A ball is dropped from a height of 5.67 m. If the ball rebounds with a speed of 4.22 m/s, what is the coefficient of restitution?
a. .40
b. .74
c. .56
d. 1.23
I've ruled d out because it is greater than 1.
The coefficient of restitution is the ratio of the velocities just after and just before bouncing.
If it is dropped from a height of H = 5.67 m, its speed when it hits the ground will be sqrt(2*g*H) = 10.54 m/s
The coefficient of restitution is therefore
r = 4.22/10.54 = 0.400
To find the coefficient of restitution, we need to use the formula:
Coefficient of restitution = (speed of rebound)/(speed of impact)
In this case, the speed of rebound is given as 4.22 m/s, but we need to find the speed of impact.

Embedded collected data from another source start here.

lemma loop_coeff_vpred_fixed:
  "X (arrA n (vpred n j)) (vpred n j, [Ar (vpred n j)]) - cj * mus j
    + X (arrS n (vpred n j)) (j, [Ar j]) * mu (vpred n j) - cjs = 0"
proof -
  have succ: "arrA n (Suc (vpred n j)) = arrA n j" "arrS n (Suc (vpred n j)) = arrS n j"
    using Suc_vpred_mod[OF n_pos, of j] j_lt by (metis Suc_eq_plus1 arrA_mod mod_less,
        metis Suc_eq_plus1 arrS_mod mod_less)
  have "X (rho n (vpred n j)) \<in> Omega n"
    by (intro X_Omega rho_in_Omega n_pos vpred_lt)
  from Omega_loops_cancel[OF this n_pos j_lt]
  show ?thesis
    using j_lt Suc_vpred_mod[OF n_pos, of j] vpred_lt[OF n_pos, of j]
    by (simp add: X_rho succ X_arrA_fixed X_arrS_fixed G_arrA_vpred_fixed G_arrS_fixed psub_apply
        padd_apply psmult_apply pmul_apply_two PA_intros arrA_apply arrS_apply algebra_simps
        del: arrA_mod arrS_mod)
qed

lemma fixed_vertex_coefficients:
  "cjs = - inverse (mu j) * cj \<and> (cj \<noteq> 0 \<longrightarrow> (\<forall>i<n. mu i * mus i = 1))"
proof (intro conjI impI)
  have "mu j \<noteq> 0" "mus j \<noteq> 0"
    using mu_nonzero j_lt by auto
  then show "cjs = - inverse (mu j) * cj"
    using sigma_coeff_fixed by (simp add: field_simps eq_neg_iff_add_eq_0)
  assume "cj \<noteq> 0"
  define jm where "jm = vpred n j"
  \<comment> \<open>the two coefficients of x.a_{j-1} and x.a*_{j-1} that the relations below eliminate\<close>
  define a where "a = X (arrA n jm) (jm, [Ar jm])"
  define b where "b = X (arrS n jm) (j, [Ar j])"
  have "cjs = lam * a"
    using commute_coeff_arrS_fixed \<open>mus j \<noteq> 0\<close> by (simp add: a_def jm_def)
  moreover have "mu jm * mus jm = mu j * mus j"
    using mu_mus_eq[OF vpred_lt[OF n_pos]] mu_mus_eq[OF j_lt] by (simp add: jm_def)
  ultimately have "cj * (mu j * mus j - 1) * (1 - lam)
      = lam * mu j * (a - cj * mus j + b * mu jm - cjs)"
    using commute_coeff_arrA_fixed sigma_coeff_fixed
    unfolding b_def jm_def[symmetric] by algebra
  also have "\<dots> = 0"
    using loop_coeff_vpred_fixed by (simp add: a_def b_def jm_def)
  finally have "mu j * mus j = 1"
    using \<open>cj \<noteq> 0\<close> lam_ne_1 by simp
  then show "\<forall>i<n. mu i * mus i = 1"
    using mu_mus_eq mu_mus_eq[OF j_lt] by simp
qed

The speed of impact can be calculated using the principle of conservation of mechanical energy. Since the ball is dropped from a height of 5.67 m, we can calculate the initial potential energy and equate it to the kinetic energy at impact (when it reaches the ground level).
Potential energy at initial position = m * g * h
where m is the mass of the ball, g is the gravitational acceleration (9.8 m/s^2), and h is the height (5.67 m).
Kinetic energy at impact = (1/2) * m * v^2
where v is the speed of impact.
Since the potential energy is completely converted to kinetic energy, we can set the two equations equal to each other:
m * g * h = (1/2) * m * v^2
Simplifying, we find:
v = sqrt(2 * g * h)
Substituting the given values, we have:
v = sqrt(2 * 9.8 * 5.67)
v ≈ 11.92 m/s
Now that we have the speed of impact (11.92 m/s) and the speed of rebound (4.22 m/s), we can calculate the coefficient of restitution:
Coefficient of restitution = (speed of rebound)/(speed of impact)
Coefficient of restitution = 4.22/11.92 ≈ 0.354
None of the options provided match this result exactly, so we need to consider rounding errors. Given that option a. 0.40 is the closest value to our result, it would be the most appropriate answer.